Pecha Kucha: Design in 20 Slides for 20 Seconds Each

Pecha Kucha: Design in 20 Slides for 20 Seconds Each

slide from a presenter during the July 07 SF nightI was reading the San Francisco Bay Guardian and came across a posting for the a thing called Pecha Kucha. It got awarded the best 'Hyperintellectual Show and Tell' by the annual Best of the Bay awards that the publication puts on. After reading about it, it reminded me a bit about Share does, but in a slightly different (slide oriented) format. The text below is taken from the Pecha Kucha website:

"Pecha Kucha Night, devised by Astrid Klein and Mark Dytham (Klein Dytham architecture), was conceived in 2003 as a place for young designers to meet, network, and show their work in public. (Admittedly, it was also a way to get
more people to visit SuperDeluxe - their then newly opened multimedia event space in Tokyo).
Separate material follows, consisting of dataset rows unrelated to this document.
lemma weight_map_1_1: "weight_map 1 1 = id"
  by (simp add: weight_map_def fun_eq_iff)

lemma weight_matrix_apply: "weight_matrix x y *v v = weight_map x y v"
  unfolding weight_matrix_def by (rule matrix_works[OF linear_weight_map])

lemma weight_matrix_mult: "weight_matrix x y ** weight_matrix x' y' = weight_matrix (x * x') (y * y')"
  unfolding weight_matrix_def matrix_mult_matrix[OF linear_weight_map linear_weight_map]
  by (simp add: weight_map_weight_map)

lemma weight_matrix_inverse:
  assumes "x \<noteq> 0" and "y \<noteq> 0"
  shows "weight_matrix x y ** weight_matrix (1 / x) (1 / y) = mat 1"
proof -
  have "weight_matrix x y ** weight_matrix (1 / x) (1 / y) = weight_matrix 1 1"
    using assms by (simp add: weight_matrix_mult)
  then show ?thesis by (simp add: weight_matrix_def weight_map_1_1 matrix_id_mat_1)
qed

lemma invertible_weight_matrix: "x \<noteq> 0 \<Longrightarrow> y \<noteq> 0 \<Longrightarrow> invertible (weight_matrix x y)"
  using weight_matrix_inverse invertible_right_inverse by blast

lemma weight_matrix_conj:
  assumes "x \<noteq> 0" and "y \<noteq> 0"
  shows "weight_matrix x y ** g ** matrix_inv (weight_matrix x y) =
    matrix (\<lambda>v. proj1 (g *v proj1 v) + proj2 (g *v proj2 v)
               + (x / y) *s proj1 (g *v proj2 v) + (y / x) *s proj2 (g *v proj1 v))"
proof -
  have g: "vec_linear (\<lambda>v. weight_map x y (g *v v))"
    by (rule vec_linearI) (simp_all add: linear_weight_map vec.linear_add vec.linear_scale
        matrix_vector_right_distrib vec.scale)
  have "weight_matrix x y ** g ** matrix_inv (weight_matrix x y)
      = matrix (\<lambda>v. weight_map x y (g *v weight_map (1 / x) (1 / y) v))"
    unfolding matrix_inv_unique[OF weight_matrix_inverse[OF assms]] unfolding weight_matrix_def
    using matrix_mult_matrix[OF linear_weight_map matrix_vector_mul_linear_gen, of x y g]
      matrix_mult_matrix[OF g linear_weight_map]
    by simp
  also have "\<dots> = matrix (\<lambda>v. proj1 (g *v proj1 v) + proj2 (g *v proj2 v)
               + (x / y) *s proj1 (g *v proj2 v) + (y / x) *s proj2 (g *v proj1 v))"
    using assms by (simp add: weight_map_def vec.scale algebra_simps)
  finally show ?thesis .
qed

lemma weight_cocharacter_conj:
  assumes "a \<noteq> 0" and "t a \<noteq> 0" and "s a = a * t a"
  shows "weight_matrix (s a) (t a) ** g ** matrix_inv (weight_matrix (s a) (t a)) =
    matrix (\<lambda>v. proj1 (g *v proj1 v) + proj2 (g *v proj2 v)
               + a *s proj1 (g *v proj2 v) + (1 / a) *s proj2 (g *v proj1 v))"
  using assms by (simp add: weight_matrix_conj)

lemma invertible_block_diagonal_part:
  assumes g: "invertible g" and gA: "(\<lambda>v. g *v v) ` A = A"
  shows "invertible (matrix (\<lambda>v. proj1 (g *v proj1 v) + proj2 (g *v proj2 v)))"
proof -
  have N: "vec_linear (\<lambda>v. proj1 (g *v proj1 v) + proj2 (g *v proj2 v))"
    by (rule vec_linearI) (simp_all add: matrix_vector_right_distrib vec.scale)
  have inj: "inj ((*v) g)" using g by (rule inj_matrix_vector_mult)
  have "x = 0" if "proj1 (g *v proj1 x) + proj2 (g *v proj2 x) = 0" for x
  proof -
    have gA_in: "g *v proj1 x \<in> A" using gA proj1_in by blast
    then have "g *v proj1 x = 0" and "proj2 (g *v proj2 x) = 0"
      using that proj1_A by (auto simp: add_in_A_B_eq_0_iff proj1_in proj2_in)
    from \<open>g *v proj1 x = 0\<close> have "proj1 x = 0"
      using injD[OF inj, of "proj1 x" 0] by simp
    from \<open>proj2 (g *v proj2 x) = 0\<close> have "g *v proj2 x \<in> (\<lambda>v. g *v v) ` A"
      using gA proj1_in[of "g *v proj2 x"] proj1_add_proj2[of "g *v proj2 x"] by auto
    then have "proj2 x \<in> A" using inj by (simp add: inj_image_mem_iff)
    then have "proj2 x = 0" using proj2_in inter_eq_0 by blast
    then show "x = 0" using \<open>proj1 x = 0\<close> proj1_add_proj2[of x] by simp
  qed
  then show ?thesis using invertible_matrix_iff_ker[OF N] by blast
qed
lemma tleC_mono_set: "tleC m T D le A \<Longrightarrow> D \<subseteq> D' \<Longrightarrow> tleC m T D' le A"
proof (induction m arbitrary: T D D' le)
  case (Suc m)
  obtain V t where T: "T = Tr V t" using Suc.prems(1) by (cases T) auto
  obtain \<phi> where \<phi>D: "\<forall>\<tau>\<in>V. \<phi> \<tau> \<in> D" and \<phi>mono: "mono_map V \<phi> (le 0)"
    and \<phi>lab: "\<forall>\<tau>\<in>V. label_below m D le A (t \<tau>) (\<phi> \<tau>)"
    using Suc.prems(1) T by auto
  have "label_below m D' le A (t \<tau>) (\<phi> \<tau>)" if "\<tau> \<in> V" for \<tau>
  proof (cases "m = 0")
    case False
    have "eqcl D (le 0) (\<phi> \<tau>) \<subseteq> eqcl D' (le 0) (\<phi> \<tau>)"
      using Suc.prems(2) by (auto simp: eqcl_def)
    with False \<phi>lab that show ?thesis by (auto simp: label_below_def intro: Suc.IH)
  qed (use \<phi>lab that in simp)
  then show ?case using \<phi>D \<phi>mono Suc.prems(2) T by auto
qed simp

section \<open>Mapping trees along a determining family\<close>

text \<open>The recursion runs over reversed words, so that a node is handled after its parent.\<close>

primrec descent_choice :: "('a list \<Rightarrow> 'b list \<Rightarrow> bool) \<Rightarrow> 'a list \<Rightarrow> 'b list" where
  "descent_choice Q [] = (SOME p. Q [] p)"
| "descent_choice Q (a # \<rho>) = (SOME p. prefix (descent_choice Q \<rho>) p \<and> Q (rev (a # \<rho>)) p)"

lemma monotone_choice:
  fixes Q :: "nat list \<Rightarrow> 'b list \<Rightarrow> bool"
  assumes closed: "\<forall>\<tau> \<sigma>. \<tau> @ \<sigma> \<in> V \<longrightarrow> \<tau> \<in> V"
    and root: "\<exists>p. Q [] p"
    and step: "\<And>\<sigma> a p. \<sigma> @ [a] \<in> V \<Longrightarrow> Q \<sigma> p \<Longrightarrow> \<exists>p'. prefix p p' \<and> Q (\<sigma> @ [a]) p'"
  shows "\<exists>\<psi>. (\<forall>\<sigma>\<in>V. Q \<sigma> (\<psi> \<sigma>)) \<and> mono_map V \<psi> prefix"
proof -
  define \<psi> where "\<psi> \<sigma> = descent_choice Q (rev \<sigma>)" for \<sigma>
  have \<psi>_snoc: "\<psi> (\<sigma> @ [a]) = (SOME p. prefix (\<psi> \<sigma>) p \<and> Q (\<sigma> @ [a]) p)" for \<sigma> a
    by (simp add: \<psi>_def)
  have Q\<psi>: "Q \<sigma> (\<psi> \<sigma>)" if "\<sigma> \<in> V" for \<sigma>
    using that
  proof (induction \<sigma> rule: rev_induct)
    case Nil
    then show ?case using root by (simp add: \<psi>_def someI_ex)
  next
    case (snoc a \<sigma>)
    then have "\<exists>p. prefix (\<psi> \<sigma>) p \<and> Q (\<sigma> @ [a]) p" using closed step by blast
    then show ?case unfolding \<psi>_snoc by (rule someI2_ex) blast
  qed
  have \<psi>_step: "prefix (\<psi> \<sigma>) (\<psi> (\<sigma> @ [a]))" if "\<sigma> @ [a] \<in> V" for \<sigma> a
  proof -
    have "\<exists>p. prefix (\<psi> \<sigma>) p \<and> Q (\<sigma> @ [a]) p" using that closed step Q\<psi> by blast
    then show ?thesis unfolding \<psi>_snoc by (rule someI2_ex) blast
  qed
  have "prefix (\<psi> \<sigma>) (\<psi> \<tau>)" if "prefix \<sigma> \<tau>" "\<tau> \<in> V" for \<sigma> \<tau>
    using that
  proof (induction \<tau> rule: rev_induct)
    case (snoc a \<tau>)
    show ?case
    proof (cases "\<sigma> = \<tau> @ [a]")
      case False
      then have "prefix (\<psi> \<sigma>) (\<psi> \<tau>)" using snoc closed by auto
      then show ?thesis using \<psi>_step[OF snoc.prems(2)] by (rule prefix_order.trans)
    qed simp
  qed simp
  then show ?thesis using Q\<psi> unfolding mono_map_def by blast
qed

lemma tildeU_descend:
  assumes "finite P" "p \<in> P" "x \<in> U p"
  shows "\<exists>q\<in>P. prefix p q \<and> x \<in> tildeU P U q"
proof -
  obtain q where q: "q \<in> P" "x \<in> U q" "prefix p q"
    and max: "\<And>q'. q' \<in> P \<Longrightarrow> x \<in> U q' \<Longrightarrow> prefix q q' \<Longrightarrow> q = q'"
    using prefix_order.finite_has_maximal2[of "{q \<in> P. x \<in> U q}" p] assms by auto
  have "x \<notin> U (q @ [i])" if "q @ [i] \<in> P" for i
    using max[OF that] by force
  then show ?thesis using q by (auto simp: tildeU_def)
qed

lemma eqcl_subset_tildeU:
  assumes up: "\<And>q y z. q \<in> P \<Longrightarrow> y \<in> C \<Longrightarrow> y \<in> U q \<Longrightarrow> z \<in> C \<Longrightarrow> r y z \<Longrightarrow> z \<in> U q"
    and "p \<in> P" "x \<in> C" "x \<in> tildeU P U p"
  shows "eqcl C r x \<subseteq> tildeU P U p"
  using assms unfolding eqcl_def tildeU_def by blast

lemma Cbase_restrict: "B \<in> Cbase C le j \<Longrightarrow> C' \<subseteq> C \<Longrightarrow> C' \<inter> B \<in> Cbase C' le j"
  by (auto simp: Cbase_def)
But as we all know, give a mike to a designer (especially an architect) and you'll be trapped for hours. The key to Pecha Kucha Night is its patented system for avoiding this fate. Each presenter is allowed 20 images, each shown for 20 seconds each - giving 6 minutes 40 seconds of fame before the next presenter is up. This keeps presentations concise, the interest level up, and gives more people the chance to show.

Pecha Kucha (which is Japanese for the sound of conversation) has tapped into a demand for a forum in which creative work can be easily and informally shown, without having to rent a gallery or chat up a magazine editor. This is a demand that seems to be global - as Pecha Kucha Night, without any pushing, has spread virally to over 80 cities across the world."